I got the profile picture from this site http://www.ivorytortoise.com/photo_gallery/ivory.php

This is a "Ivory Tortoise Gallery" and I noticed some ivory sulcata in the photo present a light brown grow line on the shell just like my baby sulcata, so i'm not sure whether mine is an ivory.


----------



## SarahChelonoidis (Mar 8, 2017)

Ah, that's one of Richard Fife's animals. Your profile picture is an ivory. The tortoise you uploaded photos of is not (I'm assuming it didn't come from Richard Fife).


----------



## Grey Lee (Mar 8, 2017)

SarahChelonoidis said:


> Ah, that's one of Richard Fife's animals. Your profile picture is an ivory. The tortoise you uploaded photos of is not (I'm assuming it didn't come from Richard Fife).

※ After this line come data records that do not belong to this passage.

lemma cinner_scaleC_left: "cinner (scaleC c x) (y::'a::cinner_space) = cnj c * cinner x y"
  by (metis cinner_commute cinner_scaleC_right complex_cnj_mult)

lemma cinner_zero_right [simp]: "cinner x (0::'a::cinner_space) = 0"
  by (metis add_cancel_left_left cinner_add_right add_0)

lemma cinner_zero_left [simp]: "cinner (0::'a::cinner_space) x = 0"
  by (metis cinner_commute cinner_zero_right complex_cnj_zero)

lemma scaleC_zero_right [simp]: "scaleC c (0::'a::cinner_space) = 0"
  by (metis add_cancel_left_left scaleC_add_right)

lemma cinner_diff_right: "cinner x (y - z::'a::cinner_space) = cinner x y - cinner x z"
  by (metis cinner_add_right eq_diff_eq)

lemma cinner_diff_left: "cinner (x - y) (z::'a::cinner_space) = cinner x z - cinner y z"
  by (metis cinner_add_left eq_diff_eq)

lemma cinner_self: "cinner x (x::'a::cinner_space) = complex_of_real (norm x ^ 2)"
  using cinner_nonneg[of x] norm_eq_sqrt_cinner[of x] by (simp add: complex_eq_iff)

lemma power2_norm_eq_Re_cinner: "norm x ^ 2 = Re (cinner x (x::'a::cinner_space))"
  by (simp add: cinner_self)

lemma norm_scaleC: "norm (scaleC c (x::'a::cinner_space)) = cmod c * norm x"
proof -
  have "cinner (scaleC c x) (scaleC c x) = (c * cnj c) * cinner x x"
    by (simp add: cinner_scaleC_left cinner_scaleC_right mult_ac)
  also have "c * cnj c = complex_of_real (cmod c ^ 2)"
    by (rule complex_norm_square [symmetric])
  finally have "norm (scaleC c x) ^ 2 = (cmod c * norm x) ^ 2"
    by (simp add: power2_norm_eq_Re_cinner power_mult_distrib del: of_real_power)
  then show ?thesis
    by simp
qed

lemma pythagoras:
  fixes x y :: "'a::cinner_space"
  assumes "cinner x y = 0"
  shows "norm (x + y) ^ 2 = norm x ^ 2 + norm y ^ 2"
proof -
  have "cinner y x = 0"
    using assms cinner_commute[of y x] by simp
  then have "cinner (x + y) (x + y) = cinner x x + cinner y y"
    using assms by (simp add: cinner_add_left cinner_add_right)
  then show ?thesis
    by (simp add: power2_norm_eq_Re_cinner)
qed

lemma norm_le_norm_add_orthogonal:
  fixes r w :: "'a::cinner_space"
  assumes "cinner r w = 0"
  shows "norm r \<le> norm (r + w)"
proof -
  have "norm r ^ 2 \<le> norm (r + w) ^ 2"
    using pythagoras[OF assms] by simp
  then show ?thesis
    by (metis abs_norm_cancel norm_ge_zero power2_le_iff_abs_le)
qed

lemma parallelogram_law:
  fixes x y :: "'a::cinner_space"
  shows "norm (x + y) ^ 2 + norm (x - y) ^ 2 = 2 * norm x ^ 2 + 2 * norm y ^ 2"
proof -
  have "Re (cinner (x + y) (x + y)) + Re (cinner (x - y) (x - y))
      = 2 * Re (cinner x x) + 2 * Re (cinner y y)"
    by (simp add: cinner_add_left cinner_add_right cinner_diff_left cinner_diff_right)
  then show ?thesis
    by (simp add: power2_norm_eq_Re_cinner)
qed

lemma power2_norm_split_along:
  fixes u w :: "'a::cinner_space"
  assumes "u \<noteq> 0"
  defines "s \<equiv> cinner u w / complex_of_real (norm u ^ 2)"
  shows "norm w ^ 2 = cmod (cinner u w) ^ 2 / norm u ^ 2 + norm (w - scaleC s u) ^ 2"
proof -
  have "cinner u (w - scaleC s u) = 0"
    using assms by (simp add: s_def cinner_diff_right cinner_scaleC_right cinner_self)
  then have "cinner (scaleC s u) (w - scaleC s u) = 0"
    by (simp add: cinner_scaleC_left)
  then have "norm w ^ 2 = norm (scaleC s u) ^ 2 + norm (w - scaleC s u) ^ 2"
    using pythagoras by fastforce
  moreover have "norm (scaleC s u) ^ 2 = cmod (cinner u w) ^ 2 / norm u ^ 2"
    using assms by (simp add: s_def norm_scaleC norm_divide norm_power power_divide)
      (simp add: field_simps eval_nat_numeral)
  ultimately show ?thesis
    by simp
qed

lemma cinner_cauchy_schwarz: "cmod (cinner x y) \<le> norm x * norm (y::'a::cinner_space)"
proof (cases "x = 0")
  case False
  then have "cmod (cinner x y) ^ 2 / norm x ^ 2 \<le> norm y ^ 2"
    using power2_norm_split_along[OF False, of y] by (metis le_add_same_cancel1 zero_le_power2)
  then have "cmod (cinner x y) ^ 2 \<le> (norm x * norm y) ^ 2"
    using False by (simp add: field_simps)
  then show ?thesis
    by (simp add: power2_le_iff_abs_le)
qed simp

lemma bounded_bilinear_cinner: "bounded_bilinear (cinner :: 'a::cinner_space \<Rightarrow> 'a \<Rightarrow> complex)"
proof
  fix a a' b b' :: 'a and r :: real
  show "cinner (a + a') b = cinner a b + cinner a' b"
    by (rule cinner_add_left)
  show "cinner a (b + b') = cinner a b + cinner a b'"
    by (rule cinner_add_right)
  show "cinner (scaleR r a) b = scaleR r (cinner a b)"
    by (simp add: scaleR_scaleC cinner_scaleC_left scaleR_conv_of_real)
  show "cinner a (scaleR r b) = scaleR r (cinner a b)"
    by (simp add: scaleR_scaleC cinner_scaleC_right scaleR_conv_of_real)
  show "\<exists>K. \<forall>a b::'a. cmod (cinner a b) \<le> norm a * norm b * K"
    using cinner_cauchy_schwarz by (metis mult.right_neutral)
qed

lemmas cinner_sum_left = bounded_bilinear.sum_left [OF bounded_bilinear_cinner]
lemmas cinner_sum_right = bounded_bilinear.sum_right [OF bounded_bilinear_cinner]
lemmas cinner_scaleR_left = bounded_bilinear.scaleR_left [OF bounded_bilinear_cinner]
lemmas cinner_scaleR_right = bounded_bilinear.scaleR_right [OF bounded_bilinear_cinner]
lemmas continuous_on_cinner [continuous_intros] =
  bounded_bilinear.continuous_on [OF bounded_bilinear_cinner]

lemma orthogonal_if_best_approximation:
  fixes u w :: "'a::cinner_space"
  assumes "\<And>s. norm w \<le> norm (w - scaleC s u)"
  shows "cinner u w = 0"
proof (cases "u = 0")
  case False
  define s where "s = cinner u w / complex_of_real (norm u ^ 2)"
  have "norm w ^ 2 \<le> norm (w - scaleC s u) ^ 2"
    using assms by (simp add: power_mono)
  then have "cmod (cinner u w) ^ 2 / norm u ^ 2 \<le> 0"
    using power2_norm_split_along[OF False, of w] by (simp add: s_def)
  then show ?thesis
    using False by (simp add: divide_le_0_iff)
qed simp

Ok, I know. Im a little upset because I paid about $700 for this little guy. But It do look different with other normal baby sulcata, what do you think?


----------



## SarahChelonoidis (Mar 8, 2017)

I do think it has beautiful colouring, not typical. Who did you buy it from?

If you clean the face and legs up some, does some of the dark colouring wash off? I was assuming most of that was pigment, but maybe it's dirty. @DeanS's ivory babies had their legs and face darken up quite a bit, actually http://www.tortoiseforum.org/thread...s-ultra-photo-heavy.92212/page-10#post-897971

What does someone like @Baoh or @DeanS think of this guy?


----------



## Grey Lee (Mar 8, 2017)

SarahChelonoidis said:


> I do think it has beautiful colouring, not typical. Who did you buy it from?
> 
> If you clean the face and legs up some, does some of the dark colouring wash off? I was assuming most of that was pigment, but maybe it's dirty. @DeanS's ivory babies had their legs and face darken up quite a bit, actually http://www.tortoiseforum.org/thread...s-ultra-photo-heavy.92212/page-10#post-897971
> 
> What does someone like @Baoh or @DeanS think of this guy?



I'm in China and I buy it from a guy on internet. These CITES animals are illegal here, the government don't care whether these individuals captive breeding or not, they are deemed to be caught from wild.


----------



## Grey Lee (Mar 8, 2017)

I contact with the businessman who sold this sulcata to me，he said sulcata have 3 morph variations:
1.albino
2.ivory
3.some between ivory and normal one， which present a lignt brown grow line on shell (a sort of "HET"?). He called this kind of sulcata "yellowing", and he told me that my little guy belongs to this class...

By the way, a true ivory sulcata in China can be sold for about $2000 in black market


----------



## SarahChelonoidis (Mar 9, 2017)

I actually thought hets for ivory looked normal, but it's interesting that he's getting these beautiful yellow animals as hets.


----------



## Tidgy's Dad (Mar 16, 2017)

It's a beautiful tortoise.


----------